Many students return to Skidmore their sophomore year with excitement about a fresh start. The first year of college can be a shock for many students, but the sophomore year seems to be a time for students to reconsider and recommit to their own education and development, and to begin to find their own voice. They do this with a deeper understanding of the demands of college, as well as of their own skills, abilities, interests, and the support systems and study habits that work best for them. While the sophomore year is an energizing time, new challenges arise as well. In fact, during their second year students often find themselves in the "sophomore slump," typically a period of developmental confusion and transition. This sense of fatigue can result from a student's struggle to become a competent college student, gain the autonomy and independence they seek, develop their new identities as adults and college students, all while trying to find their purpose in life.

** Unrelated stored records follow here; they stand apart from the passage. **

text \<open>Row \<open>s\<close> compares coordinate \<open>e s \<notin> J\<close> with its value \<open>\<Sum>j\<in>J. v j * b j (e s)\<close> predicted
  by the encoder \<open>b\<close> of the information set \<open>J\<close>.\<close>
definition systematic_check ::
    "(nat \<Rightarrow> nat) \<Rightarrow> nat set \<Rightarrow> (nat \<Rightarrow> nat \<Rightarrow> 'a::comm_ring_1) \<Rightarrow> nat \<Rightarrow> nat \<Rightarrow> 'a" where
  "systematic_check e J b s t = (if t = e s then 1 else 0) - (if t \<in> J then b t (e s) else 0)"

lemma syndrome_systematic_check:
  assumes "J \<subseteq> {1..n}" "bij_betw e {0..<r} ({1..n} - J)" "s < r"
  shows "syndrome r {1..n} (systematic_check e J b) v s = v (e s) - (\<Sum>j\<in>J. v j * b j (e s))"
proof -
  have "(\<Sum>t\<in>{1..n}. systematic_check e J b s t * v t) =
      (\<Sum>t\<in>{1..n}. if t = e s then v t else 0) - (\<Sum>t\<in>{1..n}. if t \<in> J then b t (e s) * v t else 0)"
    unfolding systematic_check_def sum_subtractf[symmetric]
    by (intro sum.cong) (auto simp: left_diff_distrib)
  also have "\<dots> = v (e s) - (\<Sum>t\<in>J. b t (e s) * v t)"
    using assms(1) bij_betw_apply[OF assms(2)] assms(3)
    by (simp add: sum.inter_restrict[symmetric] Int_absorb1)
  finally show ?thesis using assms(3) by (simp add: syndrome_def mult.commute)
qed

lemma parity_check_systematic_check:
  fixes C :: "(nat \<Rightarrow> 'a::field) set"
  assumes lin: "linear_code n C" and J: "J \<subseteq> {1..n}"
    and b: "\<And>j. b j \<in> C" "\<And>v. v \<in> C \<Longrightarrow> v = (\<lambda>i. \<Sum>j\<in>J. v j * b j i)"
      "\<And>v i. i \<in> J \<Longrightarrow> (\<Sum>j\<in>J. v j * b j i) = v i"
    and e: "bij_betw e {0..<r} ({1..n} - J)"
  shows "C = parity_check r {1..n} (systematic_check e J b)"
proof (intro set_eqI)
  fix v :: "nat \<Rightarrow> 'a"
  define E where "E = (\<lambda>i. \<Sum>j\<in>J. v j * b j i)"
  have "E \<in> C" unfolding E_def by (rule linear_code_sum[OF lin b(1)])
  have "v \<in> C \<longleftrightarrow> v \<in> words {1..n} \<and> (\<forall>s<r. v (e s) = E (e s))"
  proof
    assume "v \<in> C"
    moreover from this have "v = E" unfolding E_def by (rule b(2))
    ultimately show "v \<in> words {1..n} \<and> (\<forall>s<r. v (e s) = E (e s))"
      using linear_code_subset_words[OF lin] by auto
  next
    assume v: "v \<in> words {1..n} \<and> (\<forall>s<r. v (e s) = E (e s))"
    have "v i = E i" for i
    proof -
      consider "i \<notin> {1..n}" | "i \<in> J" | "i \<in> e ` {0..<r}"
        using bij_betw_imp_surj_on[OF e] by blast
      then show ?thesis
      proof cases
        case 1
        moreover have "E \<in> words {1..n}" using \<open>E \<in> C\<close> linear_code_subset_words[OF lin] ..
        ultimately show ?thesis using v by (simp add: words_def)
      next
        case 2
        then show ?thesis by (simp add: E_def b(3))
      next
        case 3
        then show ?thesis using v by auto
      qed
    qed
    then show "v \<in> C" using \<open>E \<in> C\<close> by (metis ext)
  qed
  moreover have "syndrome r {1..n} (systematic_check e J b) v s = v (e s) - E (e s)" if "s < r" for s
    using syndrome_systematic_check[OF J e that] unfolding E_def by simp
  ultimately show "v \<in> C \<longleftrightarrow> v \<in> parity_check r {1..n} (systematic_check e J b)"
    by (simp add: parity_check_def syndrome_def)
qed

lemma syndrome_systematic_check_onto:
  assumes J: "J \<subseteq> {1..n}" and e: "bij_betw e {0..<r} ({1..n} - J)"
  shows "syndrome r {1..n} (systematic_check e J b) ` words {1..n} = words {0..<r}"
proof
  show "words {0..<r} \<subseteq> syndrome r {1..n} (systematic_check e J b) ` words {1..n}"
  proof
    fix \<sigma> :: "nat \<Rightarrow> 'a" assume \<sigma>: "\<sigma> \<in> words {0..<r}"
    define v where "v i = (if i \<in> {1..n} - J then \<sigma> (the_inv_into {0..<r} e i) else 0)" for i
    have "v \<in> words {1..n}" by (simp add: v_def words_def)
    moreover have "syndrome r {1..n} (systematic_check e J b) v s = \<sigma> s" for s
    proof (cases "s < r")
      case True
      have "the_inv_into {0..<r} e (e s) = s"
        using True bij_betw_imp_inj_on[OF e] by (simp add: the_inv_into_f_f)
      have "syndrome r {1..n} (systematic_check e J b) v s = v (e s) - (\<Sum>j\<in>J. v j * b j (e s))"
        by (rule syndrome_systematic_check[OF J e True])
      also have "\<dots> = \<sigma> s"
        using \<open>the_inv_into {0..<r} e (e s) = s\<close> bij_betw_apply[OF e] True by (simp add: v_def)
      finally show ?thesis .
    next
      case False
      then show ?thesis using \<sigma> by (simp add: syndrome_def words_def)
    qed
    ultimately show "\<sigma> \<in> syndrome r {1..n} (systematic_check e J b) ` words {1..n}"
      by (metis ext image_eqI)
  qed
qed (rule image_subsetI, rule syndrome_in_words)

lemma linear_code_parity_check:
  fixes C :: "(nat \<Rightarrow> 'a::{finite,field}) set"
  assumes lin: "linear_code n C" and dim: "card C = CARD('a) ^ k"
  obtains H where "C = parity_check (n - k) {1..n} H"
    and "syndrome (n - k) {1..n} H ` words {1..n} = words {0..<n - k}"
proof -
  obtain J where J: "J \<subseteq> {1..n}" "information_set C J"
    using linear_code_information_set[OF lin] by blast
  have finJ: "finite J" using J(1) by (rule finite_subset) simp
  have "CARD('a) ^ card J = CARD('a) ^ k" using card_information_set[OF lin J] dim by simp
  then have "card ({1..n} - J) = n - k"
    using card_field_ge_2[where 'a='a] J(1) finJ by (simp add: card_Diff_subset)
  then obtain e where e: "bij_betw e {0..<n - k} ({1..n} - J)"
    by (metis ex_bij_betw_nat_finite finite_Diff finite_atLeastAtMost)
  obtain b where "\<And>j. b j \<in> C" "\<And>v. v \<in> C \<Longrightarrow> v = (\<lambda>i. \<Sum>j\<in>J. v j * b j i)"
    "\<And>v i. i \<in> J \<Longrightarrow> (\<Sum>j\<in>J. v j * b j i) = v i"
    using information_set_encoder[OF lin finJ J(2)] by blast
  from parity_check_systematic_check[OF lin J(1) this e] syndrome_systematic_check_onto[OF J(1) e]
  show thesis by (rule that)
qed

section \<open>Words at distance one\<close>

lemma syndrome_fun_upd_eq_zero_iff:
  assumes "finite S" "i \<in> S"
  shows "syndrome r S H (v(i := v i - a)) = (\<lambda>_. 0) \<longleftrightarrow>
    syndrome r S H ((\<lambda>_. 0)(i := a)) = syndrome r S H v"
proof -
  have diff: "syndrome r S H (v(i := v i - a)) s =
      syndrome r S H v s - syndrome r S H ((\<lambda>_. 0)(i := a)) s" for s
    using syndrome_fun_upd[OF assms, of r H v "v i - a" s]
      syndrome_fun_upd[OF assms, of r H "\<lambda>_. 0" a s]
    by (cases "s < r") (simp_all add: syndrome_zero)
  have "syndrome r S H (v(i := v i - a)) = (\<lambda>_. 0) \<longleftrightarrow>
      (\<forall>s. syndrome r S H v s = syndrome r S H ((\<lambda>_. 0)(i := a)) s)"
    by (simp add: fun_eq_iff diff)
  also have "\<dots> \<longleftrightarrow> syndrome r S H ((\<lambda>_. 0)(i := a)) = syndrome r S H v"
    by (metis ext)
  finally show ?thesis .
qed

Sophomores at Skidmore are often trying to balance work, school, and other activities and some can over-commit and become temporarily overwhelmed. Some students might feel as if they cannot succeed in school after having a difficult first year. Relationships that formed during their first year mostly because of convenience and location tend to dissolve, and stronger and deeper ties develop, but this development takes time and energy. Additionally, with new living arrangements and classes, the school may feel unfamiliar again. Students may express dissatisfaction with the college or the community (it's too small, there's not enough to do, Skidmore doesn't offer the major they want, etc.) and may even consider transferring to another college. Some of the common challenges faced during the sophomore year are:
Academic and Career Challenges
- Pressure to pick a major in the face of parental pressure, doubts about their chosen career, and/or a lack of clear interests
- Balancing schoolwork and other extracurricular responsibilities
- Taking upper-level classes with juniors and seniors who may be substantially more academically advanced
- Difficulty getting motivated or feeling as if their studies have no purpose
- A rising need for students to take ownership of their education and career path
- Changes in friendships and other relationships—students may question the relationships they have or feel as if they have no friends
- Desire for intimacy increases—students may question their lack of intimate relationships
- Friendship ties at home decrease
- May be questioning relationships with parents and may not desire to go home on breaks
Personal and Other Concerns
- Students may be questioning their identity, sexual orientation and values, and may have uncertainty about the direction of their life (i.e. they don't know who they are or what they want to be).
- Guilt about the time and money gone into college when they are uncertain about the direction of their life.